For years a lot of us have been consuming and creating fix-its and analyses and what-have-yous surrounding the relationship of these two. We basically did the introspection work for them. And so to expect canon to have reached the same trauma healing our fanfiction has, well, is also a little unfair not just to the characters but to the creatives involved in bringing canon to life.

Additionally, as the audience, wouldn’t it be more satisfying to disrupt the systems that lead them to this? As pointed out by this incredible post about endings by veganinenden, a lot has happened within that time frame. Most of us were already experiencing social injustices in our homes, and had that amplified by a global pandemic where we’re made mostly powerless by protest sanctions, lockdowns, and so on — all of which tend to shift one’s worldview.

Whether Aziraphale is able to do it from Heaven is still up in the air, but what’s incredibly clear is there’ll be a time to finally retire the “you’re bad people” and “your side” entirely. And that’s just a few of the things to look forward to for series 3.

“Stories you read when you're the right age never quite leave you. You may forget who wrote them or what the story was called. Sometimes you'll forget precisely what happened, but if a story touches you it will stay with you, haunting the places in your mind that you rarely ever visit.”

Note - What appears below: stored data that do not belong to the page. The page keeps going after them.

(* Let $\kappa$ be an infinite cardinal and let $G$ be a topological gyrogroup. If $G$ has one of the following properties, then $G^{\bullet}$ has the same property: (1) $G$ is metrizable; (2) $G$ has a local base at the identity of cardinality $\le\kappa$; (3) $G$ has a network of cardinality $\le\kappa$; (4) $G$ has a dense subset of cardinality $\le\kappa$; (5) $G$ is $\kappa$-narrow.
   Context: A gyrogroup is a set $G$ with a binary operation $\oplus$ such that: (G1) there is a unique identity $0$ with $0\oplus a=a=a\oplus 0$; (G2) each $x$ has a unique inverse $\ominus x$ with $\ominus x\oplus x=0=x\oplus(\ominus x)$; (G3) for all $x,y$ there is an automorphism $\mathrm{gyr}[x,y]$ of $(G,\oplus)$ with $x\oplus(y\oplus z)=(x\oplus y)\oplus \mathrm{gyr}[x,y](z)$ for all $z$; (G4) $\mathrm{gyr}[x\oplus y,y]=\mathrm{gyr}[x,y]$. A topological gyrogroup is a gyrogroup with a topology (all spaces are assumed $T_1$) such that $\oplus$ is jointly continuous and $x\mapsto\ominus x$ is continuous. A network of a space $X$ is a family $\mathcal{P}$ of subsets such that for every $x\in X$ and open $U\ni x$ there is $P\in\mathcal{P}$ with $x\in P\subseteq U$. A topological gyrogroup $G$ is left (right) $\kappa$-narrow if for every neighbourhood $U$ of $0$ there is $K\subseteq G$ with $|K|\le\kappa$ and $K\oplus U=G$ (resp. $U\oplus K=G$); it is $\kappa$-narrow if it is both left and right $\kappa$-narrow. Construction: let $J=[0,1)$ and let $G^{\bullet}$ be the set of all functions $f:J\to G$ for which there exist $0=a_0<a_1<\dots<a_n=1$ with $f$ constant on each $[a_k,a_{k+1})$, with pointwise operation $(f\oplus^{\bullet}g)(r)=f(r)\oplus g(r)$. For an open neighbourhood $V$ of $0$ in $G$ and $\varepsilon>0$ let $O(V,\varepsilon)=\{f\in G^{\bullet}:\mu(\{r\in J: f(r)\notin V\})<\varepsilon\}$, $\mu$ Lebesgue measure. $G^{\bullet}$ carries the topological gyrogroup topology in which the sets $f\oplus^{\bullet}O(V,\varepsilon)$ form a local base at each $f\in G^{\bullet}$. *)

theory Defs
  imports "HOL-Analysis.Analysis" "HOL-Library.Equipollence"
begin

definition gyro_aut :: "'a set \<Rightarrow> ('a \<Rightarrow> 'a \<Rightarrow> 'a) \<Rightarrow> ('a \<Rightarrow> 'a) \<Rightarrow> bool" where
  "gyro_aut G op a \<longleftrightarrow> bij_betw a G G \<and> (\<forall>x\<in>G. \<forall>y\<in>G. a (op x y) = op (a x) (a y))"

definition gyrogroup :: "'a set \<Rightarrow> ('a \<Rightarrow> 'a \<Rightarrow> 'a) \<Rightarrow> 'a \<Rightarrow> bool" where
  "gyrogroup G op e \<longleftrightarrow>
     e \<in> G \<and> (\<forall>x\<in>G. \<forall>y\<in>G. op x y \<in> G) \<and>
     (\<forall>a\<in>G. op e a = a \<and> op a e = a) \<and>
     (\<forall>x\<in>G. \<exists>y\<in>G. op y x = e \<and> op x y = e) \<and>
     (\<exists>gyr. (\<forall>x\<in>G. \<forall>y\<in>G. gyro_aut G op (gyr x y) \<and>
                 (\<forall>z\<in>G. op x (op y z) = op (op x y) (gyr x y z))) \<and>
            (\<forall>x\<in>G. \<forall>y\<in>G. \<forall>z\<in>G. gyr (op x y) y z = gyr x y z))"

definition ginv :: "'a set \<Rightarrow> ('a \<Rightarrow> 'a \<Rightarrow> 'a) \<Rightarrow> 'a \<Rightarrow> 'a \<Rightarrow> 'a" where
  "ginv G op e x = (THE y. y \<in> G \<and> op y x = e \<and> op x y = e)"

definition topological_gyrogroup :: "'a set \<Rightarrow> ('a \<Rightarrow> 'a \<Rightarrow> 'a) \<Rightarrow> 'a \<Rightarrow> 'a topology \<Rightarrow> bool" where
  "topological_gyrogroup G op e T \<longleftrightarrow>
     gyrogroup G op e \<and> topspace T = G \<and> t1_space T \<and>
     continuous_map (prod_topology T T) T (\<lambda>(x, y). op x y) \<and>
     continuous_map T T (ginv G op e)"

text \<open>Functions J = [0,1) \<rightarrow> G, represented as functions real \<Rightarrow> 'a that
  equal the identity e outside J, which are step functions for a finite
  partition 0 = a_0 < ... < a_n = 1 (constant on each [a_k, a_{k+1})).\<close>
definition gbullet :: "'a set \<Rightarrow> 'a \<Rightarrow> (real \<Rightarrow> 'a) set" where
  "gbullet G e = {f. (\<forall>r. r \<notin> {0..<1} \<longrightarrow> f r = e) \<and> (\<forall>r\<in>{0..<1}. f r \<in> G) \<and>
      (\<exists>(n::nat) (a::nat \<Rightarrow> real). a 0 = 0 \<and> a n = 1 \<and> (\<forall>k<n. a k < a (Suc k)) \<and>
          (\<forall>k<n. \<forall>r\<in>{a k..<a (Suc k)}. f r = f (a k)))}"

definition bop :: "('a \<Rightarrow> 'a \<Rightarrow> 'a) \<Rightarrow> (real \<Rightarrow> 'a) \<Rightarrow> (real \<Rightarrow> 'a) \<Rightarrow> (real \<Rightarrow> 'a)" where
  "bop op f g = (\<lambda>r. op (f r) (g r))"

definition Obullet :: "'a set \<Rightarrow> 'a \<Rightarrow> 'a set \<Rightarrow> real \<Rightarrow> (real \<Rightarrow> 'a) set" where
  "Obullet G e V \<epsilon> = {f \<in> gbullet G e. measure lborel {r \<in> {0..<1}. f r \<notin> V} < \<epsilon>}"

text \<open>The topology on G-bullet in which the sets f (+) O(V,eps), V an open
  neighbourhood of e in G and eps > 0, form a local (neighbourhood) base at f.\<close>
definition bullet_topology :: "'a set \<Rightarrow> ('a \<Rightarrow> 'a \<Rightarrow> 'a) \<Rightarrow> 'a \<Rightarrow> 'a topology \<Rightarrow> (real \<Rightarrow> 'a) topology" where
  "bullet_topology G op e T = topology (\<lambda>U. U \<subseteq> gbullet G e \<and>
      (\<forall>f\<in>U. \<exists>V \<epsilon>. openin T V \<and> e \<in> V \<and> \<epsilon> > 0 \<and> bop op f ` Obullet G e V \<epsilon> \<subseteq> U))"

section \<open>Cardinal properties (cardinal bounded by |K|)\<close>

definition has_local_base_card :: "'a topology \<Rightarrow> 'a \<Rightarrow> 'k set \<Rightarrow> bool" where
  "has_local_base_card T x K \<longleftrightarrow> (\<exists>\<B>. \<B> \<lesssim> K \<and> (\<forall>B\<in>\<B>. openin T B \<and> x \<in> B) \<and>
      (\<forall>U. openin T U \<and> x \<in> U \<longrightarrow> (\<exists>B\<in>\<B>. B \<subseteq> U)))"

definition is_network :: "'a topology \<Rightarrow> 'a set set \<Rightarrow> bool" where
  "is_network T \<P> \<longleftrightarrow> (\<forall>P\<in>\<P>. P \<subseteq> topspace T) \<and>
      (\<forall>x U. openin T U \<and> x \<in> U \<longrightarrow> (\<exists>P\<in>\<P>. x \<in> P \<and> P \<subseteq> U))"

definition has_network_card :: "'a topology \<Rightarrow> 'k set \<Rightarrow> bool" where
  "has_network_card T K \<longleftrightarrow> (\<exists>\<P>. \<P> \<lesssim> K \<and> is_network T \<P>)"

You’ll notice that unlike other essays, a lot of them reviewed how effective a story Good Omens series 2 is, with most dishing out their ratings. You might have even read ones deeply analysing every line uttered, every micro expression, every inflection of a word. While I on the other hand just gushed about the show, to be honest, inflicted my opinions on you (because if you’ve reached this point, assume I’m just happy somebody is reading this).

I’d like mine to be more of an argument.

Many might think that the strength of the show relied solely on the relationship between Aziraphale and Crowley. I heartily disagree. Its strength is using the core of its messaging — unconditional love — and showing us the many ways in which it can be expressed. Whether it’s the very real romance between characters, a flirtatious tip-toeing to it, or friends having each other’s backs when it counts.

To end, what better way to express my love for Good Omens — if I haven’t done enough of it yet — than by joining the clamour for liveable wages and workers rights.

So this is an argument not just to convince you to watch the show, but to think of why we love stories. I implore you to look back on your own posts about stories you’ve loved and understand why there’s nothing that can connect us more than ones created through human intuition and creativity.

With labour strikes happening all across the globe, among them creatives who just want a fair contract and not be threatened by technologies like AI, it’s important to provide support by celebrating their work anyway we can.

If it means rewatching shows like Good Omens hundreds of times to get a renewal and for studios to see how much we crave human-made stories, then so be it. If it means dressing up to see both Oppenheimer and Barbie, then by all means do so with your group of friends.

If you’re also able, do send over donations in this list of organisations collecting resources for actors and writers affected by the strike.

Exploitation is a systemic issue, and whatever happens to our storytellers and skilled workers will affect all of us in ways we can’t imagine.

"Why do we tell stories?" Game Master Brennan Lee Mulligan says to his players as the calamity unfolds in Critical Role's Exandria Unlimited. "To try to make sense of a world that can be terrifying and enormous."

Just like how I was able to make sense of the worldviews I’ve created as a young child when I read Good Omens, and indeed now that I’ve watched it as a series and my perspective has been shaped with age, I consume stories because I want to understand this terrifying and enormous and beautiful world we live in, and the things man is capable of in making this a good place for everyone.

I’d love to honour Good Omens in this way.